Дар над бездной отчаяния
Шрифт:
Зашли в избу Никифор с Афоней, наполнив избу сытным мучным духом. Первым делом потянулись к бадье с водой – ковша нет. Тогда заметили на лавке Арину. Присмирели. Потоптались, поспрашивали, что болит, ушли ссыпать муку.
…Болезнь сушила Арину. Но ясными холодными днями стало вдруг получше. Начала вставать. Хлопотать по хозяйству. Никифор с Афонькой отговаривали:
– Полежи, отдохни, мы сами управимся.
Гришатка ходил как в воду опущенный. Материнское лицо истончалось, всё больше обретало черты иконного лика. Казалось Грише, мать теперь смотрела поверх всего, ещё вчера столь милого её сердцу, туда, куда предстояло скоро уйти. Сердцем чувствовал, как рвутся незримые нити, скреплявшие её с ним, со всем земным миром. Эту отстранённость Арины ощущали и Никифор с Афоней. Они стали как бы
…Когда в остылом ноябрьском воздухе закружились первые снежинки, мать попросила покликать отца Василия. Он тотчас явился. Румяный с холода, в своей старенькой ряске, поверх которой был надет зипун. Посунулся к жаркому зеву печки, вытянул настывшие без варежек руки.

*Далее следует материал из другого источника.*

lemma tmul_unit_right [simp]: "tmul x tunit = x"
proof
  show "tmul x tunit w = x w" for w
    by (induction w arbitrary: x) (simp_all add: tmul_Cons tunit_def tshift_def)
qed

lemma tunit_Nil [simp]: "tunit [] = 1"
  by (simp add: tunit_def)

lemma tmul_cong:
  assumes "\<And>p. length p \<le> length w \<Longrightarrow> x p = x' p"
      and "\<And>p. length p \<le> length w \<Longrightarrow> y p = y' p"
  shows "tmul x y w = tmul x' y' w"
  unfolding tmul_def using assms by (intro sum.cong) auto

lemma tmul_cong_strict:
  assumes "q [] = 0" and "\<And>p. length p < length w \<Longrightarrow> y p = y' p"
  shows "tmul q y w = tmul q y' w"
  unfolding tmul_def
proof (intro sum.cong refl)
  fix i assume "i \<in> {..length w}"
  then show "q (take i w) * y (drop i w) = q (take i w) * y' (drop i w)"
    using assms by (cases "i = 0") auto
qed

lemma tmul_vanish_beyond:
  assumes "\<And>w. n < length w \<Longrightarrow> x w = 0" "\<And>w. m < length w \<Longrightarrow> y w = 0" "n + m < length w"
  shows "tmul x y w = 0"
  unfolding tmul_def
proof (intro sum.neutral ballI)
  fix i assume "i \<in> {..length w}"
  then have "n < length (take i w) \<or> m < length (drop i w)" using assms(3) by auto
  then show "x (take i w) * y (drop i w) = 0" using assms(1,2) by auto
qed

lemma words_Cons [simp]: "a # w \<in> words d \<longleftrightarrow> a \<in> {1..d} \<and> w \<in> words d"
  by (auto simp: words_def)

lemma words_Nil [simp]: "[] \<in> words d"
  by (auto simp: words_def)

lemma words_append [simp]: "u @ w \<in> words d \<longleftrightarrow> u \<in> words d \<and> w \<in> words d"
  by (auto simp: words_def)

lemma tser_tmul: "tser d x \<Longrightarrow> tser d y \<Longrightarrow> tser d (tmul x y)"
  unfolding tser_def tmul_def
proof (intro allI impI sum.neutral ballI)
  fix w i assume x: "\<forall>w. w \<notin> words d \<longrightarrow> x w = 0" and y: "\<forall>w. w \<notin> words d \<longrightarrow> y w = 0"
    and w: "w \<notin> words d"
  have "take i w \<notin> words d \<or> drop i w \<notin> words d"
    using w words_append[of "take i w" "drop i w" d] by simp
  then show "x (take i w) * y (drop i w) = 0" using x y by auto
qed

– Экий холодина завернул, вороны и те попрятались, – радуясь живому огню, сказал отец Василий. – Щас, Матвеевна, малость руки согрею, персты не гнутся. К приходу священника Арина обрядилась во всё смертное. И теперь лежала совсем чужая. Отец Василий застелил табуретку чистой холстинкой, положил на неё серебряный крест, Евангелие и велел всем выйти из избы.
В мастерской было сумрачно. Из-за двери долетал лишь что-то бубнивший голос отца Василия. Убитый горем, Никифор исподлобья поглядывал на сыновей. Афонька, хоть и старший, жался к Грише. На столе тускло отблёскивала недописанная икона. Все трое молчали. Там, за дверью, совершалось великое таинство – приготовление к уходу в иной мир, куда в свой час предстоит шагнуть каждому из нас.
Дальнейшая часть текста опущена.